Find all the lines in the material below with the word "Lpow", and copy them.

>>>>>

(* Let $d\ge 1$ be an integer and $\vec\gamma=(\gamma_1,\dots,\gamma_d)\in\mathbb{C}^d$. Let $g\colon\mathbb{C}\to\mathbb{C}$ be holomorphic with a simple zero $\alpha\neq 0$, with expansion $g(z)=\sum_{k\ge 1}c_k(z-\alpha)^k$ about $\alpha$, where $c_1\neq 0$; fix a point of $L$ lying over $\alpha$, also denoted $\alpha$. For $\vec a=(a_1,\dots,a_d)\in\mathbb{C}^d$ let $f(z;\vec a)=g(z)+\sum_{i=1}^d a_i z^{\gamma_i}$ for $z\in L$ (with $g(z)$ meaning $g(z^1)$ near $\alpha$). Suppose that for some neighborhood $U\subset\mathbb{C}^d$ of $\vec 0$ there is a smooth map $\phi\colon U\to L$ with $f(\phi(\vec a);\vec a)=0$ for all $\vec a\in U$ and $\phi(\vec 0)=\alpha$. Then for every ordered multiset $I=(I(1),\dots,I(N))$ of $[1,d]$ with $N=|I|\ge 1$, \[ \partial(\phi,I)=F\Big(\sum_{m\in I}\gamma_m,\ |I|-1,\ 1\Big), \] where $\partial(\phi,I)=\Big(\prod_{i=1}^{N}\frac{\partial}{\partial a_{I(i)}}\Big)\phi(\vec a)\big|_{\vec a=\vec 0}$ and $F$ is the function defined in the context.
   Context: $L$ is the Riemann surface of the logarithm, parametrized by triples $(r,\theta,n)$ with $r>0$, $\theta\in(-\pi,\pi]$, $n\in\mathbb{Z}$; for $z=(r,\theta,n)\in L$ and $\gamma\in\mathbb{C}$, $z^\gamma=e^{\gamma\ln r+i\gamma\theta+2\pi i n\gamma}$. Derivatives of $\phi$ are taken in the local complex coordinate $z\mapsto z^1$ near $\alpha$. An ordered multiset of $[1,d]$ of order $N$ is an $N$-tuple $(I(1),\dots,I(N))$ with $1\le I(i)\le d$, and $\sum_{m\in I}\gamma_m=\sum_{i=1}^N\gamma_{I(i)}$. For an integer $r\ge 0$, $C(r)$ is the set of sequences $\mu=(\mu_i)_{i\ge 1}$ of nonnegative integers, eventually zero, with $\sum_{i\ge1}\mu_i=r$. For $x\in\mathbb{C}$ and integer $n$, $\binom{x}{n}=\frac{x(x-1)\cdots(x-n+1)}{n!}$ for $n\ge 0$ and $\binom{x}{n}=0$ for $n<0$. For $x\in\mathbb{C}$ and integers $r\ge 0$, $a\ge 1$, define \[ F(x,r,a)=\frac{-\alpha^{x}}{(a-1)!}\sum_{\mu\in C(r)}(-1)^{\mu_1}\binom{x}{\,r-\sum_{i\ge2}(i-1)\mu_i-(a-1)\,}\Big(r+\sum_{i\ge2}\mu_i\Big)!\,\frac{\alpha^{-(r-\sum_{i\ge2}(i-1)\mu_i-(a-1))}}{c_1^{\,r+1+\sum_{i\ge2}\mu_i}}\prod_{i\ge2}\frac{c_i^{\mu_i}}{\mu_i!}, \] where powers of $\alpha$ are taken in the sense of $L$. *)

theory Defs
  imports "HOL-Analysis.Analysis"
begin

text \<open>Points of the Riemann surface L of the logarithm: triples (r, theta, n)
  with r > 0, -pi < theta \<le> pi, n an integer.\<close>
type_synonym Lpt = "real \<times> real \<times> int"

definition in_L :: "Lpt \<Rightarrow> bool" where
  "in_L z \<longleftrightarrow> (case z of (r, \<theta>, n) \<Rightarrow> r > 0 \<and> - pi < \<theta> \<and> \<theta> \<le> pi)"

definition Lpow :: "Lpt \<Rightarrow> complex \<Rightarrow> complex" where
  "Lpow z \<gamma> = (case z of (r, \<theta>, n) \<Rightarrow>
      exp (\<gamma> * of_real (ln r) + \<i> * \<gamma> * of_real \<theta> + 2 * of_real pi * \<i> * of_int n * \<gamma>))"

text \<open>Global (logarithmic) coordinate on L, a homeomorphism L \<rightarrow> C and a
  holomorphic chart compatible with the local charts z \<mapsto> z^1.\<close>
definition Llog :: "Lpt \<Rightarrow> complex" where
  "Llog z = (case z of (r, \<theta>, n) \<Rightarrow>
      of_real (ln r) + \<i> * (of_real \<theta> + 2 * of_real pi * of_int n))"

definition pdiff :: "'d::finite \<Rightarrow> (complex^'d \<Rightarrow> complex) \<Rightarrow> complex^'d \<Rightarrow> complex" where
  "pdiff i h a = deriv (\<lambda>t. h (a + axis i t)) 0"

<<<<<

Solution to the exercise:
definition Lpow :: "Lpt \<Rightarrow> complex \<Rightarrow> complex" where
  "Lpow z \<gamma> = (case z of (r, \<theta>, n) \<Rightarrow>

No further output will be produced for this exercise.